The the right side of the equation is a constant. It is the total charge density divided by the permittivity... So this is telling me that the flux density is the same for ALL points in the space, isn't it?

Or is the density on the right side the density of the point I'm calculating he divergence?

Where am I wrong?

I appreciate the help,
Thank you

2. Aug 10, 2010

### nicksauce

$\rho$ isn't the total charge. It is the charge density.

3. Aug 10, 2010

### Bob S

If you integrate both sides over a volume, and apply Stokes theorem, the total charge enclosed in the volume is related to the net flux through the surface of the volume. See

http://en.wikipedia.org/wiki/Divergence_theorem

Bob S

4. Aug 10, 2010

### Staff: Mentor

No, it's a measure of the flux that is "created" or "destroyed" at a point, rather than simply passing through it. You can have a very high flux density (field strength) at a point, with zero divergence.

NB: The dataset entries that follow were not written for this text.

lemma bij_betw_sum_enum:
  assumes f: "bij_betw f {..<n} A" and g: "bij_betw g {..<p} B"
  shows "bij_betw (sum_enum n f g) {..<n + p} (Inl ` A \<union> Inr ` B)"
proof -
  have "bij_betw (Inl \<circ> f) {..<n} (Inl ` A)"
    by (rule bij_betw_trans[OF f]) (simp add: bij_betw_def)
  then have left: "bij_betw (sum_enum n f g) {..<n} (Inl ` A)"
    by (rule bij_betw_cong[THEN iffD1, rotated]) (simp add: sum_enum_def)
  have shift: "bij_betw (\<lambda>i. i - n) {n..<n + p} {..<p}"
    by (rule bij_betw_byWitness[where f' = "\<lambda>i. i + n"]) auto
  have "bij_betw (Inr \<circ> g \<circ> (\<lambda>i. i - n)) {n..<n + p} (Inr ` B)"
    by (rule bij_betw_trans[OF shift], rule bij_betw_trans[OF g]) (simp add: bij_betw_def)
  then have right: "bij_betw (sum_enum n f g) {n..<n + p} (Inr ` B)"
    by (rule bij_betw_cong[THEN iffD1, rotated]) (simp add: sum_enum_def)
  have "{..<n + p} = {..<n} \<union> {n..<n + p}" by auto
  then show ?thesis
    using bij_betw_combine[OF left right] by auto
qed

lemma mat_sum_enum_four_block:
  fixes F :: "'a + 'b \<Rightarrow> 'a + 'b \<Rightarrow> 'c::semiring_1"
  assumes f: "inj_on f {..<n}" and g: "inj_on g {..<p}"
    and FA: "\<And>a b. F (Inl a) (Inl b) = (if a = b then t else 0)"
    and FB: "\<And>a b. F (Inr a) (Inr b) = (if a = b then t else 0)"
  shows "mat (n + p) (n + p) (\<lambda>(i, j). F (sum_enum n f g i) (sum_enum n f g j))
    = four_block_mat (t \<cdot>\<^sub>m 1\<^sub>m n) (mat n p (\<lambda>(i, j). F (Inl (f i)) (Inr (g j))))
        (mat p n (\<lambda>(i, j). F (Inr (g i)) (Inl (f j)))) (t \<cdot>\<^sub>m 1\<^sub>m p)"
    (is "?L = ?R")
proof (rule eq_matI)
  fix i j assume "i < dim_row ?R" "j < dim_col ?R"
  then have i: "i < n + p" and j: "j < n + p" by auto
  have "f i = f j \<longleftrightarrow> i = j" if "i < n" "j < n"
    using f that by (auto simp: inj_on_def)
  moreover have "g (i - n) = g (j - n) \<longleftrightarrow> i = j" if "\<not> i < n" "\<not> j < n"
  proof -
    have "i - n < p" "j - n < p" using that i j by auto
    then show ?thesis using that inj_onD[OF g, of "i - n" "j - n"] by auto
  qed
  ultimately show "?L $$ (i, j) = ?R $$ (i, j)"
    using i j by (auto simp: sum_enum_def FA FB)
qed auto

section \<open>The normalized Laplacian\<close>

definition norm_adj :: "'a set \<Rightarrow> ('a \<Rightarrow> 'a \<Rightarrow> bool) \<Rightarrow> 'a \<Rightarrow> 'a \<Rightarrow> real" where
  "norm_adj V E u v =
     (if E u v then 1 / (sqrt (real (degree V E u)) * sqrt (real (degree V E v))) else 0)"

lemma norm_laplacian_carrier: "norm_laplacian V E \<in> carrier_mat (card V) (card V)"
  unfolding norm_laplacian_def deg_inv_sqrt_matrix_def adj_matrix_def
  by (intro minus_carrier_mat mult_carrier_mat) auto

lemma norm_laplacian_eq_mat:
  "norm_laplacian V E = mat (card V) (card V)
     (\<lambda>(i, j). (if i = j then 1 else 0) - norm_adj V E (vertex_enum V i) (vertex_enum V j))"
  (is "_ = ?M")
proof (rule eq_matI)
  fix i j assume "i < dim_row ?M" "j < dim_col ?M"
  then have i: "i < card V" and j: "j < card V" by auto
  have "(deg_inv_sqrt_matrix V E * adj_matrix V E * deg_inv_sqrt_matrix V E) $$ (i, j)
      = norm_adj V E (vertex_enum V i) (vertex_enum V j)"
    unfolding deg_inv_sqrt_matrix_def
    by (subst diag_mult_mult_diag_index) (use i j in \<open>auto simp: adj_matrix_def norm_adj_def\<close>)
  moreover have "dim_row (deg_inv_sqrt_matrix V E * adj_matrix V E * deg_inv_sqrt_matrix V E) = card V"
    "dim_col (deg_inv_sqrt_matrix V E * adj_matrix V E * deg_inv_sqrt_matrix V E) = card V"
    by (simp_all add: deg_inv_sqrt_matrix_def adj_matrix_def)
  ultimately show "norm_laplacian V E $$ (i, j) = ?M $$ (i, j)"
    using i j unfolding norm_laplacian_def by simp
qed (use norm_laplacian_carrier in auto)

lemma bij_betw_vertex_enum:
  assumes "finite V"
  shows "bij_betw (vertex_enum V) {..<card V} V"
proof -
  obtain h where "bij_betw h {0..<card V} V"
    using ex_bij_betw_nat_finite[OF assms] by blast
  then show ?thesis
    unfolding vertex_enum_def lessThan_atLeast0 by (rule someI[where x = h])
qed

lemma poly_char_poly_norm_laplacian:
  assumes V: "finite V" and e: "bij_betw e {..<card V} V"
  shows "poly (char_poly (norm_laplacian V E)) x = det (mat (card V) (card V)
     (\<lambda>(i, j). (if e i = e j then x - 1 else 0) + norm_adj V E (e i) (e j)))"
proof -
  let ?ve = "vertex_enum V"
  have "poly (char_poly (norm_laplacian V E)) x = det (mat (card V) (card V)
      (\<lambda>(i, j). (if i = j then x else 0) - norm_laplacian V E $$ (i, j)))"
    by (rule poly_char_poly_eq_det[OF norm_laplacian_carrier])
  also have "mat (card V) (card V) (\<lambda>(i, j). (if i = j then x else 0) - norm_laplacian V E $$ (i, j))
      = mat (card V) (card V) (\<lambda>(i, j). (if ?ve i = ?ve j then x - 1 else 0) + norm_adj V E (?ve i) (?ve j))"
    (is "?L = ?R")
  proof (rule eq_matI)
    fix i j assume "i < dim_row ?R" "j < dim_col ?R"
    then have i: "i < card V" and j: "j < card V" by simp_all
    then have "?ve i = ?ve j \<longleftrightarrow> i = j"
      using bij_betw_vertex_enum[OF V] by (metis bij_betw_iff_bijections lessThan_iff)
    then show "?L $$ (i, j) = ?R $$ (i, j)"
      using i j by (simp add: norm_laplacian_eq_mat)
  qed auto
  also have "det \<dots> = det (mat (card V) (card V)
      (\<lambda>(i, j). (if e i = e j then x - 1 else 0) + norm_adj V E (e i) (e j)))"
    by (rule det_mat_reindex[OF bij_betw_vertex_enum[OF V] e,
          where F = "\<lambda>u v. (if u = v then x - 1 else 0) + norm_adj V E u v"])
  finally show ?thesis .
qed

section \<open>Simple graphs\<close>

context
  fixes V :: "'a set" and E :: "'a \<Rightarrow> 'a \<Rightarrow> bool"
  assumes simple: "simple_graph V E"
begin

lemma finite_graph_edges: "finite (graph_edges V E)"
proof -
  have "graph_edges V E \<subseteq> Pow V" by (auto simp: graph_edges_def)
  then show ?thesis
    using simple by (meson finite_Pow_iff finite_subset simple_graph_def)
qed

lemma graph_edgesE:
  assumes "e \<in> graph_edges V E"
  obtains a b where "e = {a, b}" "a \<noteq> b" "E a b"
  using assms simple unfolding graph_edges_def simple_graph_def by blast

lemma card_incident_edges:
  assumes a: "a \<in> V"
  shows "card {e \<in> graph_edges V E. a \<in> e} = degree V E a"
proof -
  have "{e \<in> graph_edges V E. a \<in> e} = (\<lambda>u. {a, u}) ` {u \<in> V. E a u}"
  proof
    show "{e \<in> graph_edges V E. a \<in> e} \<subseteq> (\<lambda>u. {a, u}) ` {u \<in> V. E a u}"
      using simple by (auto simp: graph_edges_def simple_graph_def insert_commute)
    show "(\<lambda>u. {a, u}) ` {u \<in> V. E a u} \<subseteq> {e \<in> graph_edges V E. a \<in> e}"
      using a by (auto simp: graph_edges_def)
  qed
  moreover have "inj_on (\<lambda>u. {a, u}) {u \<in> V. E a u}"
    by (auto simp: inj_on_def doubleton_eq_iff)
  ultimately show ?thesis
    unfolding degree_def by (simp add: card_image)
qed

lemma card_common_edges:
  assumes a: "a \<in> V" and b: "b \<in> V"
  shows "card {e \<in> graph_edges V E. a \<in> e \<and> b \<in> e}
    = (if a = b then degree V E a else if E a b then 1 else 0)"
proof (cases "a = b")
  case True
  then show ?thesis using card_incident_edges[OF a] by simp
next
  case False
  have "{e \<in> graph_edges V E. a \<in> e \<and> b \<in> e} = (if E a b then {{a, b}} else {})"
  proof (intro equalityI subsetI)
    fix e assume e: "e \<in> {e \<in> graph_edges V E. a \<in> e \<and> b \<in> e}"
    then obtain c d where "e = {c, d}" "E c d" by (blast elim: graph_edgesE)
    then show "e \<in> (if E a b then {{a, b}} else {})"
      using e False simple by (auto simp: simple_graph_def)
  qed (use a b in \<open>auto simp: graph_edges_def split: if_splits\<close>)
  then show ?thesis using False by simp
qed

end

lemma degree_pos:
  assumes "simple_graph V E" and "connected_graph V E" and "card V \<ge> 2" and v: "v \<in> V"
  shows "degree V E v > 0"
proof -
  have "finite V" using assms(1) by (simp add: simple_graph_def)
  have "\<not> V \<subseteq> {v}"
    using card_mono[of "{v}" V] assms(3) by auto
  then obtain u where u: "u \<in> V" "u \<noteq> v" by auto
  then have "E\<^sup>*\<^sup>* v u" using assms(2) v by (simp add: connected_graph_def)
  then obtain w where "E v w" using u(2) by (metis converse_rtranclpE)
  then have "w \<in> {u \<in> V. E v u}" using assms(1) by (simp add: simple_graph_def)
  then show ?thesis
    unfolding degree_def using \<open>finite V\<close> by (auto simp: card_gt_0_iff)
qed

section \<open>Parallel subdivision\<close>

lemma subdiv_adj_simps [simp]:
  "\<not> subdiv_adj k V E (Inl a) (Inl b)"
  "\<not> subdiv_adj k V E (Inr w) (Inr w')"
  "subdiv_adj k V E (Inl a) (Inr (e, j)) \<longleftrightarrow> a \<in> e \<and> e \<in> graph_edges V E \<and> j < k"
  "subdiv_adj k V E (Inr (e, j)) (Inl a) \<longleftrightarrow> a \<in> e \<and> e \<in> graph_edges V E \<and> j < k"
  by (auto simp: subdiv_adj_def graph_edges_def)

context
  fixes V :: "'a set" and E :: "'a \<Rightarrow> 'a \<Rightarrow> bool" and k :: nat
  assumes simple: "simple_graph V E"
begin

lemma finite_subdiv_vertices: "finite (subdiv_vertices k V E)"
  using simple finite_graph_edges[OF simple]
  by (simp add: subdiv_vertices_def simple_graph_def)

lemma card_subdiv_vertices: "card (subdiv_vertices k V E) = card V + k * card (graph_edges V E)"
  using simple finite_graph_edges[OF simple] unfolding subdiv_vertices_def
  by (subst card_Un_disjoint) (auto simp: simple_graph_def card_image card_cartesian_product)

lemma degree_subdiv_Inl:
  assumes "a \<in> V"
  shows "degree (subdiv_vertices k V E) (subdiv_adj k V E) (Inl a) = k * degree V E a"
proof -
  have "{y \<in> subdiv_vertices k V E. subdiv_adj k V E (Inl a) y}
      = Inr ` ({e \<in> graph_edges V E. a \<in> e} \<times> {..<k})"
    by (auto simp: subdiv_vertices_def)
  then have "degree (subdiv_vertices k V E) (subdiv_adj k V E) (Inl a)
      = card ({e \<in> graph_edges V E. a \<in> e} \<times> {..<k})"
    unfolding degree_def by (simp add: card_image)
  then show ?thesis
    using card_incident_edges[OF simple assms] finite_graph_edges[OF simple]
    by (simp add: card_cartesian_product)
qed

lemma degree_subdiv_Inr:
  assumes "e \<in> graph_edges V E" and "j < k"
  shows "degree (subdiv_vertices k V E) (subdiv_adj k V E) (Inr (e, j)) = 2"
proof -
  obtain a b where ab: "e = {a, b}" "a \<noteq> b" using graph_edgesE[OF simple assms(1)] by blast
  have "e \<subseteq> V" using assms(1) by (auto simp: graph_edges_def)
  then have "{y \<in> subdiv_vertices k V E. subdiv_adj k V E (Inr (e, j)) y} = Inl ` e"
    using assms by (auto simp: subdiv_vertices_def)
  then show ?thesis
    unfolding degree_def using ab by (simp add: card_image)
qed

lemma norm_adj_subdiv_product:
  assumes "a \<in> V" and "b \<in> V" and "e \<in> graph_edges V E" and "j < k"
  shows "norm_adj (subdiv_vertices k V E) (subdiv_adj k V E) (Inl a) (Inr (e, j))
      * norm_adj (subdiv_vertices k V E) (subdiv_adj k V E) (Inr (e, j)) (Inl b)
    = (if a \<in> e \<and> b \<in> e
       then 1 / (2 * real k * (sqrt (real (degree V E a)) * sqrt (real (degree V E b)))) else 0)"
proof -
  have factor: "norm_adj (subdiv_vertices k V E) (subdiv_adj k V E) (Inl c) (Inr (e, j))
      = (if c \<in> e then 1 / sqrt (2 * real k * real (degree V E c)) else 0)"
    "norm_adj (subdiv_vertices k V E) (subdiv_adj k V E) (Inr (e, j)) (Inl c)
      = (if c \<in> e then 1 / sqrt (2 * real k * real (degree V E c)) else 0)" if "c \<in> V" for c
    using assms(3,4) that
    by (simp_all add: norm_adj_def degree_subdiv_Inl degree_subdiv_Inr real_sqrt_mult mult_ac)
  have "sqrt (2 * real k * x) * sqrt (2 * real k * y)
      = (sqrt (2 * real k) * sqrt (2 * real k)) * (sqrt x * sqrt y)" for x y
    unfolding real_sqrt_mult[of "2 * real k"] by (simp only: mult_ac)
  then have "sqrt (2 * real k * x) * sqrt (2 * real k * y) = 2 * real k * (sqrt x * sqrt y)" for x y
    by simp
  then show ?thesis
    using assms(1,2) by (simp add: factor)
qed

end

lemma subdiv_norm_adj_sum:
  assumes simple: "simple_graph V E" and "connected_graph V E" and "card V \<ge> 2" and "k \<ge> 1"
    and a: "a \<in> V" and b: "b \<in> V"
  shows "(\<Sum>w \<in> graph_edges V E \<times> {..<k}.
      norm_adj (subdiv_vertices k V E) (subdiv_adj k V E) (Inl a) (Inr w)
      * norm_adj (subdiv_vertices k V E) (subdiv_adj k V E) (Inr w) (Inl b))
    = ((if a = b then 1 else 0) + norm_adj V E a b) / 2"
proof -
  let ?S = "subdiv_vertices k V E" and ?A = "subdiv_adj k V E" and ?Ed = "graph_edges V E"
  define da where "da = real (degree V E a)"
  define db where "db = real (degree V E b)"
  define c where "c = 1 / (2 * real k * (sqrt da * sqrt db))"
  have summand: "norm_adj ?S ?A (Inl a) (Inr (e, j)) * norm_adj ?S ?A (Inr (e, j)) (Inl b)
      = (if a \<in> e \<and> b \<in> e then c else 0)" if "e \<in> ?Ed" "j < k" for e j
    using norm_adj_subdiv_product[OF simple a b that] by (simp add: c_def da_def db_def)
  have "(\<Sum>w \<in> ?Ed \<times> {..<k}. norm_adj ?S ?A (Inl a) (Inr w) * norm_adj ?S ?A (Inr w) (Inl b))
      = (\<Sum>e \<in> ?Ed. \<Sum>j<k. norm_adj ?S ?A (Inl a) (Inr (e, j)) * norm_adj ?S ?A (Inr (e, j)) (Inl b))"
    by (simp add: sum.cartesian_product case_prod_unfold)
  also have "\<dots> = (\<Sum>e \<in> ?Ed. real k * (if a \<in> e \<and> b \<in> e then c else 0))"
    by (intro sum.cong refl) (simp add: summand)
  also have "\<dots> = real k * c * real (card {e \<in> ?Ed. a \<in> e \<and> b \<in> e})"
    using finite_graph_edges[OF simple]
    by (simp add: sum_distrib_left[symmetric] sum.inter_filter[symmetric])
  also have "\<dots> = ((if a = b then 1 else 0) + norm_adj V E a b) / 2"
  proof (cases "a = b")
    case True
    have "da > 0" using degree_pos[OF assms(1-3) a] by (simp add: da_def)
    moreover have "\<not> E a a" using simple by (simp add: simple_graph_def)
    ultimately show ?thesis
      using True assms(4) by (simp add: card_incident_edges[OF simple b] c_def da_def db_def norm_adj_def)
  next
    case False
    then show ?thesis
      using assms(4) by (simp add: card_common_edges[OF simple a b] c_def da_def db_def norm_adj_def)
  qed
  finally show ?thesis .
qed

Consider the electric field of a solid sphere with a uniform charge distribution. The electric field outside the sphere is just like the field of an ideal point charge located at the center of the sphere. The magnitude of the field decreases as 1/r^2 where r is the distance from the center of the sphere. But the divergence of the field is zero at all points outside the sphere, and so is the charge density.

Inside the sphere the magnitude of the field increases linearly with r, reaching a maximum at the surface of the sphere. But the divergence of the field has the same value at all points inside the sphere, just like the charge density.

Last edited: Aug 10, 2010
5. Aug 11, 2010

### Taturana

quote from wikipedia: More technically, the divergence represents the volume density of the outward flux of a vector field from an infinitesimal volume around a given point.

It's the same to say that divergence represents the flux density around a given point, isnt it?

I don't know if I get it but then the divergence of a vector field at a point represents how is this contributing with the field "generation"? Could you explain-me it more clearly? (I know it became a mathematics question but I think someone can help me here...)

Yes, sorry, but the question stills the same...

6. Aug 11, 2010

### nasu

The charge density is a function of position, ro(x,y,z).
The word "total" here means that you add contributions from free charges, bound charges, etc. All these contributions are functions of position in general.
It does not mean total charge in a finite volume.
So the divergence of E at a given point depends on the charge density at that point.